Good evening and thank you all for sharing your love for Allie Hawkes.  Before she died I thought I knew her pretty well.  You, all, have told me so much more about her; culling the hundreds and hundreds of photos she and others took of the many places she went and events she attended, has made her even more wondrous in my heart and my memories so much richer.
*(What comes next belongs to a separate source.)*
(* If a connected graph $G$ belongs to $\mathfrak{F}$, then $G\in\mathcal{P}$. That is, $\mathfrak{F}\subset\mathcal{P}$.
   Context: Graphs are finite, simple and undirected. $\mathbb{T}=\{z\in\mathbb{C}:|z|=1\}$, $\mathbb{I}=[0,2\pi)$. A $\mathbb{T}$-gain on $G$ is a map $\varphi$ from oriented edges to $\mathbb{T}$ with $\varphi(\overrightarrow{e_{ts}})=\varphi(\overrightarrow{e_{st}})^{-1}$; $A(\Phi)$ for $\Phi=(G,\varphi)$ is the Hermitian matrix with $(s,t)$ entry $\varphi(\overrightarrow{e_{st}})$ if $v_s\sim v_t$, else $0$; $\mathcal{T}_G$ is the set of all $\mathbb{T}$-gain graphs on $G$. $\Re(A)\ge0$ means the real part of every entry of $A$ is nonnegative. The gain of a directed cycle is the product of gains of its oriented edges. A rooted spanning tree $T$ with root $v_r$ induces the tree order ($v_x\le v_y$ iff $v_x$ is on the $T$-path from $v_r$ to $v_y$); $T$ is normal if adjacent vertices of $G$ are always comparable. The suitably oriented graph $\overrightarrow{G_T}$ orients each edge $e_{st}$ with $v_s\le v_t$ as $\overrightarrow{e_{st}}$ if $e_{st}\in E(T)$ and as $\overrightarrow{e_{ts}}$ otherwise; the $m-n+1$ fundamental cycles $C_j$ of $T$ (the unique cycle in $T$ plus a non-tree edge) become directed cycles $\overrightarrow{C_j(T)}$. For $r=(c_1,\dots,c_{m-n+1})\in\mathbb{I}^{m-n+1}$, $\mathcal{A}_T(r)=\{(G,\varphi)\in\mathcal{T}_G:\varphi(\overrightarrow{C_j(T)})=e^{ic_j}\ \forall j\}$. $G$ has property GNRP (w.r.t. normal spanning tree $T$) if for each $r$ there is $\Phi\in\mathcal{A}_T(r)$ with $\Re(A(\Phi))\ge0$; $\mathcal{P}$ is the class of connected graphs with GNRP. The sum $G_1+G_2$ of subgraphs is the subgraph consisting of all edges in $G_1$ or $G_2$. A fundamental subgraph of $G$ w.r.t. $T$ is the sum $C_1+\cdots+C_s$ of a maximal collection of fundamental cycles such that the intersection of $C_1+\cdots+C_s$ with $T$ is a subtree. A fundamental subgraph built from fundamental cycles $C_1,\dots,C_s$ has the distinguished edge property (DEP) if these cycles can be ordered $C_{k_1},\dots,C_{k_s}$ so that $|E(C_{k_i})\setminus E(C_{k_1}+\cdots+C_{k_{i-1}})|>1$ for all $i=2,\dots,s$. A connected graph $G$ has DEP if every fundamental subgraph of $G$ with respect to a normal spanning tree $T$ has DEP; $\mathfrak{F}$ is the collection of connected graphs with DEP. *)

theory Defs
  imports Complex_Main
begin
When she was first diagnosed my first reaction was to tell her mother that she would be okay, and I believed it.  For the following 19 years that belief was justified as she beat cancer back again, again and again… until she could not.  My second reaction, as I would walk each morning, was to pray for a miracle essentially every day, and often, twice a day.  I was trying to tell God what the correct miracle for Him to effect was, and exactly when to manifest it.  I realize that a lot of our prayers are like that: giving God and Jesus instructions… as if we knew.

What I should have prayed for is mercy and understanding.

Each time our relatively crude medical tools brought her back to remission my conviction that I was issuing the correct instructions was reinforced.  Every time cancer came back, I would feel that my miracle-instructions were flawed, somehow, or not specific enough, and I would redouble my efforts and word my supplications to be much more specific as to what I wanted God to do.  I hope that what I did helped Allie in some way.  I know that as the end approached she became more of a believer, ready to pass through that awesome door alone, always part of my prayers.

So, I had been praying for a miracle for most of her life rather blindly, it turns out.  But I recognize, now, that the miracle was right here with us, all along.